Recorded data:
--- START ---

(* Let $G$ be a free group on $k\ge 2$ generators and let $m\ge 1$. Let $\Phi$ be a linear action of $G$ on $\mathbb R^m$ (i.e. each $f_g=\Phi(g,\cdot)$ is an invertible linear map of $\mathbb R^m$), where $\mathbb R^m$ carries the Euclidean metric. Then $\Phi$ does not have the shadowing property.
   Context: An action of a group $G$ on a metric space $(\Omega,\mathrm{dist})$ is a map $\Phi:G\times\Omega\to\Omega$ such that each $f_g=\Phi(g,\cdot)$ is a homeomorphism, $\Phi(e,x)=x$, and $\Phi(g_1g_2,x)=\Phi(g_1,\Phi(g_2,x))$. Fix a finite symmetric generating set $S$ of $G$ (e.g. the free generators and their inverses; the property below does not depend on this choice). For $d>0$, a family $\{y_g\}_{g\in G}\subset\Omega$ is a $d$-pseudotrajectory if $\mathrm{dist}(y_{sg},f_s(y_g))<d$ for all $s\in S$, $g\in G$. The action has the shadowing property if for every $\varepsilon>0$ there is $d>0$ such that for every $d$-pseudotrajectory $\{y_g\}_{g\in G}$ there is $x_e\in\Omega$ with $\mathrm{dist}(y_g,f_g(x_e))<\varepsilon$ for all $g\in G$. *)

theory Defs
  imports "HOL-Analysis.Analysis"
begin

text \<open>A letter (i, True) is the generator a_i, (i, False) is its inverse a_i^-1.
  Elements of the free group F_k on generators a_0, ..., a_(k-1) are reduced words
  over these letters; the empty word is the identity.\<close>

type_synonym fletter = "nat \<times> bool"
type_synonym fword = "fletter list"

fun reduced :: "fword \<Rightarrow> bool" where
  "reduced [] = True"
| "reduced [a] = True"
| "reduced (a # b # w) = (\<not> (fst a = fst b \<and> snd a \<noteq> snd b) \<and> reduced (b # w))"

definition free_carrier :: "nat \<Rightarrow> fword set" where
  "free_carrier k = {w. (\<forall>a\<in>set w. fst a < k) \<and> reduced w}"

fun red_cons :: "fletter \<Rightarrow> fword \<Rightarrow> fword" where
  "red_cons a [] = [a]"
| "red_cons a (b # w) = (if fst a = fst b \<and> snd a \<noteq> snd b then w else a # b # w)"

definition free_mult :: "fword \<Rightarrow> fword \<Rightarrow> fword" where
  "free_mult w v = foldr red_cons w v"

definition free_one :: fword where
  "free_one = []"

definition free_gens :: "nat \<Rightarrow> fword set" where
  "free_gens k = {[(i, b)] | i b. i < k}"

definition free_action :: "nat \<Rightarrow> (fword \<Rightarrow> 'a::metric_space \<Rightarrow> 'a) \<Rightarrow> bool" where
  "free_action k \<Phi> \<longleftrightarrow>
     (\<forall>g\<in>free_carrier k. \<exists>h. homeomorphism UNIV UNIV (\<Phi> g) h) \<and>
     (\<forall>x. \<Phi> free_one x = x) \<and>
     (\<forall>g1\<in>free_carrier k. \<forall>g2\<in>free_carrier k. \<forall>x.
        \<Phi> (free_mult g1 g2) x = \<Phi> g1 (\<Phi> g2 x))"

definition pseudotrajectory ::
  "nat \<Rightarrow> (fword \<Rightarrow> 'a::metric_space \<Rightarrow> 'a) \<Rightarrow> real \<Rightarrow> (fword \<Rightarrow> 'a) \<Rightarrow> bool" where
  "pseudotrajectory k \<Phi> d y \<longleftrightarrow>
     (\<forall>s\<in>free_gens k. \<forall>g\<in>free_carrier k. dist (y (free_mult s g)) (\<Phi> s (y g)) < d)"

definition has_shadowing :: "nat \<Rightarrow> (fword \<Rightarrow> 'a::metric_space \<Rightarrow> 'a) \<Rightarrow> bool" where
  "has_shadowing k \<Phi> \<longleftrightarrow>
     (\<forall>\<epsilon>>0. \<exists>d>0. \<forall>y. pseudotrajectory k \<Phi> d y \<longrightarrow>
        (\<exists>x. \<forall>g\<in>free_carrier k. dist (y g) (\<Phi> g x) < \<epsilon>))"

lemma "free_mult [(0, True)] [(0, False), (1, True)] = [(1, True)]"
  by (simp add: free_mult_def)
lemma "free_mult [(0, True), (1, False)] [(1, True), (0, True)] = [(0, True), (0, True)]"
  by (simp add: free_mult_def)

end

theory Submission
  imports Defs "HOL-Library.Sublist"
begin

text \<open>For a linear action, shadowing is invariant under scaling, so it would force every
  pseudotrajectory with merely bounded error to stay within bounded distance of a true orbit.
  Writing a = a_0 and b = a_1, the sets of words ending in b a^j are pairwise disjoint for
  different j. On the j-th of these regions we build a pseudotrajectory y_j with bounded error that
  vanishes outside the region and is unbounded inside it. A linear relation among m + 1 of the
  shadowing orbits then bounds the corresponding combination of the y_j, a contradiction.
  The y_j are true orbits cut off outside the region if some orbit \<Phi> h z is unbounded for h
  ranging over the words that can precede b; otherwise these maps \<Phi> h are uniformly bounded,
  and the true orbit weighted by word length has bounded error yet grows linearly along a^n.\<close>

lemma reduced_appendD1: "reduced (xs @ ys) \<Longrightarrow> reduced xs"
  by (induction xs rule: reduced.induct) auto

--- END ---

Would you print, exactly as written, every line above from the one holding "theory Submission" through the one holding "different j. On", with both included and no other lines?

TASK RESPONSE:
theory Submission
  imports Defs "HOL-Library.Sublist"
begin

text \<open>For a linear action, shadowing is invariant under scaling, so it would force every
  pseudotrajectory with merely bounded error to stay within bounded distance of a true orbit.
  Writing a = a_0 and b = a_1, the sets of words ending in b a^j are pairwise disjoint for
  different j. On the j-th of these regions we build a pseudotrajectory y_j with bounded error that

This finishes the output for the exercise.